What needs to be done
Could you copy each line of the listing below that has the word "with"?

[Study material — start]

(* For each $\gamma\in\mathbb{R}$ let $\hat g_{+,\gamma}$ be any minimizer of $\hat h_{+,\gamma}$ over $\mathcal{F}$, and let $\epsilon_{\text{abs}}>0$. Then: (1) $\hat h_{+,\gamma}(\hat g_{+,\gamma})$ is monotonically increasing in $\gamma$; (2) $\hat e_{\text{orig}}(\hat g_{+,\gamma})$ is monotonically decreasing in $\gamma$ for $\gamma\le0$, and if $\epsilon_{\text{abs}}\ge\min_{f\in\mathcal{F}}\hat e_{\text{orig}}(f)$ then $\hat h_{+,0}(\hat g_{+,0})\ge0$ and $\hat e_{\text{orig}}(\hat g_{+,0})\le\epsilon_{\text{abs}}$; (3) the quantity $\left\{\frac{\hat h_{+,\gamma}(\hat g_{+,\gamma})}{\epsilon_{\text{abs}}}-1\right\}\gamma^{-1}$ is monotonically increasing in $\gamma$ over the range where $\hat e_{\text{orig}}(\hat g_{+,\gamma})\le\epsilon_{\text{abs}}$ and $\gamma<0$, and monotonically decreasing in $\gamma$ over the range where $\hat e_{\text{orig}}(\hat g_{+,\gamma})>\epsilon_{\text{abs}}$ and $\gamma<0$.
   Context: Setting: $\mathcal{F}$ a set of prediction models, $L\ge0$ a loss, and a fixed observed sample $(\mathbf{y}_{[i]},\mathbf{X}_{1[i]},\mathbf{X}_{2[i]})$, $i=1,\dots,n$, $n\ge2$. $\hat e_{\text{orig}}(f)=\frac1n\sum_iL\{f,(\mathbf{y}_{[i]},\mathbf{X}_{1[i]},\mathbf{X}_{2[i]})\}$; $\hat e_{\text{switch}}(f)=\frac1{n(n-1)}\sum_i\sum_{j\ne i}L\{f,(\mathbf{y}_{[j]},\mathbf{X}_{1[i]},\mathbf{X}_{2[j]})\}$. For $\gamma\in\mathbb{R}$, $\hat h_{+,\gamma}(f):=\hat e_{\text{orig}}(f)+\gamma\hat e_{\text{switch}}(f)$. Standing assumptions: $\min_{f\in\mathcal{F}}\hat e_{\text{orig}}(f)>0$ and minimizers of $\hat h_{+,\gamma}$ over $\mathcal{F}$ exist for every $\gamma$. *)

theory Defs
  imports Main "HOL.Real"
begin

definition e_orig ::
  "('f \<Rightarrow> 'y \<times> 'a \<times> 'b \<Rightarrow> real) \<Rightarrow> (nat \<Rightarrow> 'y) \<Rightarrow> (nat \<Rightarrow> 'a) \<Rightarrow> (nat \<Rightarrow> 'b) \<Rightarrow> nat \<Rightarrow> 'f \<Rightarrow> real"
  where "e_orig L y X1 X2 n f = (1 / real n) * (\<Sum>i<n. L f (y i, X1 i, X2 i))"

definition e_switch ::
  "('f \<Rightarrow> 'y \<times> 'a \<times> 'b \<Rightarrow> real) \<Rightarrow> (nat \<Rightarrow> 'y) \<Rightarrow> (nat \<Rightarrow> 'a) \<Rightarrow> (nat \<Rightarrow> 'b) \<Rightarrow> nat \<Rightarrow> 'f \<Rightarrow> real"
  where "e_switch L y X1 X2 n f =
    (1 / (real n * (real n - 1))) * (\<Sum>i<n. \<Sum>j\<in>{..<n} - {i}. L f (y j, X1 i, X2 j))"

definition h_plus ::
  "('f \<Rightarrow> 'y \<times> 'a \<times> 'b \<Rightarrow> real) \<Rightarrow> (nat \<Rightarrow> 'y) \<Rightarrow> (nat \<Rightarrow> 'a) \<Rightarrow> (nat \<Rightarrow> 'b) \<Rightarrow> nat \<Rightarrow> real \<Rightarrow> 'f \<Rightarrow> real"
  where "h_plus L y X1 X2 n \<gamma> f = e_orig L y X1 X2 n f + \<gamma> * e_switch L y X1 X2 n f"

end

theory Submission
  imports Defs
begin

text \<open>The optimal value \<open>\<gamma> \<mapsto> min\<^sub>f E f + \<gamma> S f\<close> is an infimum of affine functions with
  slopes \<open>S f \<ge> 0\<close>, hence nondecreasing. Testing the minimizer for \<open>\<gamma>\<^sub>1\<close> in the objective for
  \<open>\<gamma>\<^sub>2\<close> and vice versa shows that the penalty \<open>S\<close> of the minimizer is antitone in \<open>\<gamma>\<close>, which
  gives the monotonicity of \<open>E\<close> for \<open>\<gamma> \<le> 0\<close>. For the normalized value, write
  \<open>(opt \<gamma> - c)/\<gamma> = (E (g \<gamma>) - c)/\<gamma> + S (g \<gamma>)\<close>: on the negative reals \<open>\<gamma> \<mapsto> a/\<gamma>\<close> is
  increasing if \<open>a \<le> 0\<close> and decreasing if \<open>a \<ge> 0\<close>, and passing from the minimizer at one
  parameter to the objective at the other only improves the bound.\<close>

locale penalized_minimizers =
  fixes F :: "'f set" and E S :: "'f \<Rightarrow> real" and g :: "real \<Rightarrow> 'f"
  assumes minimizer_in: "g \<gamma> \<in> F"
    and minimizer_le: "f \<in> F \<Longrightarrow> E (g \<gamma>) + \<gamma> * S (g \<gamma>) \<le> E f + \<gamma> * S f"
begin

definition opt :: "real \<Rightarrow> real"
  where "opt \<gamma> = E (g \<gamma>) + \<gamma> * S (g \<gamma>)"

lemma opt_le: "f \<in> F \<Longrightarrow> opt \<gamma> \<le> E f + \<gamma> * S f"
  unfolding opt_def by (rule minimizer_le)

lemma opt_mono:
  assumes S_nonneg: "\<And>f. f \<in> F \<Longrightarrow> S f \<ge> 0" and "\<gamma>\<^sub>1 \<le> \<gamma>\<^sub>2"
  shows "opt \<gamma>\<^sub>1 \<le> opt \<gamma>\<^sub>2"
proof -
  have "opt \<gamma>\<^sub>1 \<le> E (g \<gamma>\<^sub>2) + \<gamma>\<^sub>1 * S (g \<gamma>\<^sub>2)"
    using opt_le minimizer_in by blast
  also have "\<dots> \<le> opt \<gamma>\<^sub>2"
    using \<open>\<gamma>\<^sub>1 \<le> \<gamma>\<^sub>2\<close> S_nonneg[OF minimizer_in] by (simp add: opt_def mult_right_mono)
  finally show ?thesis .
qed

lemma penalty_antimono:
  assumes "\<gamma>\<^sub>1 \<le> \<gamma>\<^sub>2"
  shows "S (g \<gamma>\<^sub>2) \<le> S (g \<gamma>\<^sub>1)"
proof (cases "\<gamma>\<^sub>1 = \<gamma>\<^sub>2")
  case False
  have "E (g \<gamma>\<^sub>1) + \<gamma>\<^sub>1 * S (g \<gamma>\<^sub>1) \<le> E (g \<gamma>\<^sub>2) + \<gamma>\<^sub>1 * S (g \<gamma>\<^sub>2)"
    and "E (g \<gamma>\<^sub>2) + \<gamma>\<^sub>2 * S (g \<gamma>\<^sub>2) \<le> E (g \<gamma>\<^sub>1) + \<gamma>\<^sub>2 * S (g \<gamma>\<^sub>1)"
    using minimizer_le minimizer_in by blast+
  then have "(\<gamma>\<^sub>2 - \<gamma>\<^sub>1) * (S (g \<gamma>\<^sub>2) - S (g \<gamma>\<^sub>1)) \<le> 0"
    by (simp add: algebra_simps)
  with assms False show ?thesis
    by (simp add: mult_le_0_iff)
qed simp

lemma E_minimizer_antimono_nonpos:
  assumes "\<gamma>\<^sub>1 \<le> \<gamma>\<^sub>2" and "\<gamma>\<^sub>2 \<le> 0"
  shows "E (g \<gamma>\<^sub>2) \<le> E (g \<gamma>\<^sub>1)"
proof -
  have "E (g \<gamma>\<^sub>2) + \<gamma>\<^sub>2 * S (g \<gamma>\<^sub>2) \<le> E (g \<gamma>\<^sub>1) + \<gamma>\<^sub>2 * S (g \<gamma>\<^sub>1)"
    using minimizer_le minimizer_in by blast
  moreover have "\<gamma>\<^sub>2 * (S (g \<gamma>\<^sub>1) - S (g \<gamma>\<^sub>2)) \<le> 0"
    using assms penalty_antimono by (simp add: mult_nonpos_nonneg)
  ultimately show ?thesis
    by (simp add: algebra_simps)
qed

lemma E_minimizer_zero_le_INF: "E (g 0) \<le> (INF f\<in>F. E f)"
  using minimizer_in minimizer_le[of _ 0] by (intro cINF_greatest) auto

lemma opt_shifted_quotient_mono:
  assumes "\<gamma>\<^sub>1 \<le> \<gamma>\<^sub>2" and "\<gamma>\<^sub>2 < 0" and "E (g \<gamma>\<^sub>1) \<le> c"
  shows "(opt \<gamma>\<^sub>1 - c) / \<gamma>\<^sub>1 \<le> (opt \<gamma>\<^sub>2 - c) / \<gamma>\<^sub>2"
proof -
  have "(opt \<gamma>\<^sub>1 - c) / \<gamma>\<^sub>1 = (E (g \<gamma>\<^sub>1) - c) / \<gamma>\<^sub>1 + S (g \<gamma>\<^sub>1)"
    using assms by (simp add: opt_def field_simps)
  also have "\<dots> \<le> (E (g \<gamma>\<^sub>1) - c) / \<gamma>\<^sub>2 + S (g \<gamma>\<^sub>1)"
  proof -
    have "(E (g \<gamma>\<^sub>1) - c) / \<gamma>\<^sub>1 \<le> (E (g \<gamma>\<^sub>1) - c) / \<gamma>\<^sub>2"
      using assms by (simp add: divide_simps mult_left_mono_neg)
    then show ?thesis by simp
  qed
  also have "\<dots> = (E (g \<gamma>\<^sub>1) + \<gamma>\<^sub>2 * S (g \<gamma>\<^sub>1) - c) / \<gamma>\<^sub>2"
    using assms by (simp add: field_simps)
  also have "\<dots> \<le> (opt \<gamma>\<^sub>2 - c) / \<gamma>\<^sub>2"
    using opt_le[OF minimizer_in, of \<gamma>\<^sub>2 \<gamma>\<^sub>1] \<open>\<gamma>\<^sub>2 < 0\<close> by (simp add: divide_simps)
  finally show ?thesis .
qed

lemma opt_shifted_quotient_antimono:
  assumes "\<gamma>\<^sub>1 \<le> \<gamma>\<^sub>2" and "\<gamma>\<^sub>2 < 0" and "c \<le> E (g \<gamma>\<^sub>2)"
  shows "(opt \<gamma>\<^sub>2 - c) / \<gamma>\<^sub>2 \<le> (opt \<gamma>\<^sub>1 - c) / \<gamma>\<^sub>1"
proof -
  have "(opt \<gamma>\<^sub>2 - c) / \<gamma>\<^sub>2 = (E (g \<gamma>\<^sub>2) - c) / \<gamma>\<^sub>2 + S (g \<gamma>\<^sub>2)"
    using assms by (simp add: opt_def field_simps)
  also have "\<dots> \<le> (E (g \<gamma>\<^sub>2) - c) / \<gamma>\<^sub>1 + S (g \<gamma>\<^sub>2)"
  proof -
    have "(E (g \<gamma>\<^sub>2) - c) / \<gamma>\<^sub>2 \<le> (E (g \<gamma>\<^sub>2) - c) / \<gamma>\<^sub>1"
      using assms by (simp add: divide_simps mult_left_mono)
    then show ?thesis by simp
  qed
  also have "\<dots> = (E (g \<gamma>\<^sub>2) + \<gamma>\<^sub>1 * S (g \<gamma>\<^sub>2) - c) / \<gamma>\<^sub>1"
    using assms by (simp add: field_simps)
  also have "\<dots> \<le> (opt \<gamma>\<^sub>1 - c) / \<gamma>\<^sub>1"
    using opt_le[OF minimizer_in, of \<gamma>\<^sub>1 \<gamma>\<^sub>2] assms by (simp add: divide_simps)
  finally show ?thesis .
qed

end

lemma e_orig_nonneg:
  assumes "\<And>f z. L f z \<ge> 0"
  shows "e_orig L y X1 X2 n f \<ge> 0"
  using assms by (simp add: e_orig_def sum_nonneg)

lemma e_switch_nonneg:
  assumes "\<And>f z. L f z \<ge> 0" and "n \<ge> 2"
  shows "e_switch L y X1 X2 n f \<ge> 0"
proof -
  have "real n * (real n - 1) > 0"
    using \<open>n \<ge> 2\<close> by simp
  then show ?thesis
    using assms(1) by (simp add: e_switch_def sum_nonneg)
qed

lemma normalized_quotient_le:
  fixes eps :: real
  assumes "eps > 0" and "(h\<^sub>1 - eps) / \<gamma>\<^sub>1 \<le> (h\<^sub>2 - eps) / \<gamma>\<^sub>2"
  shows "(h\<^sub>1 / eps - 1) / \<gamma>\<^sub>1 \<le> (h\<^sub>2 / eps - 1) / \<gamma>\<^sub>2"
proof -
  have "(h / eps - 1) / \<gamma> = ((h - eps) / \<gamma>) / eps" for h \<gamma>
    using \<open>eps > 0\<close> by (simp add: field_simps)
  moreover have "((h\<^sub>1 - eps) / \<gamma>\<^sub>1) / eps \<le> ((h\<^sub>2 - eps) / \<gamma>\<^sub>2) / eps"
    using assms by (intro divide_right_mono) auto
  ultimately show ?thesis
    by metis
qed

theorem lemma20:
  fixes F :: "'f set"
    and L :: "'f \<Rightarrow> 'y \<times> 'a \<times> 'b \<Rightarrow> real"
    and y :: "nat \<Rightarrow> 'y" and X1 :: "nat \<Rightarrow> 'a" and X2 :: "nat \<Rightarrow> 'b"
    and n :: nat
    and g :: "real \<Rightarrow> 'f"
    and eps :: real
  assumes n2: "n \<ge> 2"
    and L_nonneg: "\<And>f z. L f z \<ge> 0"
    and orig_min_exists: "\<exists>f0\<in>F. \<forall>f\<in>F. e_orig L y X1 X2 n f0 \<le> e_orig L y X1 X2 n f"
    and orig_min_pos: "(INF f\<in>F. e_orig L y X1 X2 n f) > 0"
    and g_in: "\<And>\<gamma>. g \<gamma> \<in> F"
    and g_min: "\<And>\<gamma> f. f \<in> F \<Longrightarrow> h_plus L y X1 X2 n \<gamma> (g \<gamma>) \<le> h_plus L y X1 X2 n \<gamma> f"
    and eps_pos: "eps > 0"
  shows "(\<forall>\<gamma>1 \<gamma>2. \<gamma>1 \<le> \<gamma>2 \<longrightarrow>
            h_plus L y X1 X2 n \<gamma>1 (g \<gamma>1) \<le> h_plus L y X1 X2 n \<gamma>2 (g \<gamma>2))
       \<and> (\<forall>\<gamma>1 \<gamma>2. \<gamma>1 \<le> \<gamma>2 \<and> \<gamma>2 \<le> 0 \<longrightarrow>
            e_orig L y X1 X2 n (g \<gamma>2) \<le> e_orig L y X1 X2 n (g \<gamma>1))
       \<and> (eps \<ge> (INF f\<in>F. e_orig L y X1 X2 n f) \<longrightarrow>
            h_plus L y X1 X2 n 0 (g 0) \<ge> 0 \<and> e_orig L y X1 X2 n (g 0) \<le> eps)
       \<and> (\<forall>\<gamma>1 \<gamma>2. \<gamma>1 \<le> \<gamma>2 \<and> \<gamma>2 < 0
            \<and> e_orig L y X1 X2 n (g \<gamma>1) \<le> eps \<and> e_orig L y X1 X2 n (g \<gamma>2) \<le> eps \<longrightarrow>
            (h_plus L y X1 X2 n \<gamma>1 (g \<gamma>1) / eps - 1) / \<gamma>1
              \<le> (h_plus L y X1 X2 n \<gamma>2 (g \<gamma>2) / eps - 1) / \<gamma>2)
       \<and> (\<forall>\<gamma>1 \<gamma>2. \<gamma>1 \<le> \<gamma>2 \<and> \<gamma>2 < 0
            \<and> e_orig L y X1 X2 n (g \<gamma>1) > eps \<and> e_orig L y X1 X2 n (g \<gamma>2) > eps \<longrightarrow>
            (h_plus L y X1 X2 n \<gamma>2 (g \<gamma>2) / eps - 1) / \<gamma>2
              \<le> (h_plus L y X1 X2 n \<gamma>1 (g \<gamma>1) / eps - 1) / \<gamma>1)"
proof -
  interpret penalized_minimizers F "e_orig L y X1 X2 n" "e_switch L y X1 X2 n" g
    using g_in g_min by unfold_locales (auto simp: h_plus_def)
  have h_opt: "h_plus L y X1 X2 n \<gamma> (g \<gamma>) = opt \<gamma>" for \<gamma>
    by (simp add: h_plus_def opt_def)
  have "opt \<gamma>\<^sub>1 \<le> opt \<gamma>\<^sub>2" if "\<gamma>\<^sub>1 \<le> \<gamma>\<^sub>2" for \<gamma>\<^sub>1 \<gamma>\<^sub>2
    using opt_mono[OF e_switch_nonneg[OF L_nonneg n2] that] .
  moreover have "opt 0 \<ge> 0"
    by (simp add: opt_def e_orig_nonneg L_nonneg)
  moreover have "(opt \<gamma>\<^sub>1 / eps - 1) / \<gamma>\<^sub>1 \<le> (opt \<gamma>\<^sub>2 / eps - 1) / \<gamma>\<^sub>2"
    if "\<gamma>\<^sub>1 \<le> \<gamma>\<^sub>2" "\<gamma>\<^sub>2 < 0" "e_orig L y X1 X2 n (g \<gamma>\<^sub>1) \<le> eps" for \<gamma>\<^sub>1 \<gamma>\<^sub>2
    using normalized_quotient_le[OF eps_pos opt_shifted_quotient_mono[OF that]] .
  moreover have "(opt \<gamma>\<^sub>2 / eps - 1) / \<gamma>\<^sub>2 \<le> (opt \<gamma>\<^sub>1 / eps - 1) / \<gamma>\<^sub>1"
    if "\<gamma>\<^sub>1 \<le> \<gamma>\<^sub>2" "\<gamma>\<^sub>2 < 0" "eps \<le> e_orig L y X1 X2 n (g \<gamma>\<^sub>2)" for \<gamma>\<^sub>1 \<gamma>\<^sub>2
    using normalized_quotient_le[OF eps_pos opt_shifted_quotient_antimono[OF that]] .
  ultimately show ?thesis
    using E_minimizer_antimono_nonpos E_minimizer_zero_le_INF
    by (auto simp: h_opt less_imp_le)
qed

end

[Study material — finish]

Response to the task
text \<open>The optimal value \<open>\<gamma> \<mapsto> min\<^sub>f E f + \<gamma> S f\<close> is an infimum of affine functions with
  with assms False show ?thesis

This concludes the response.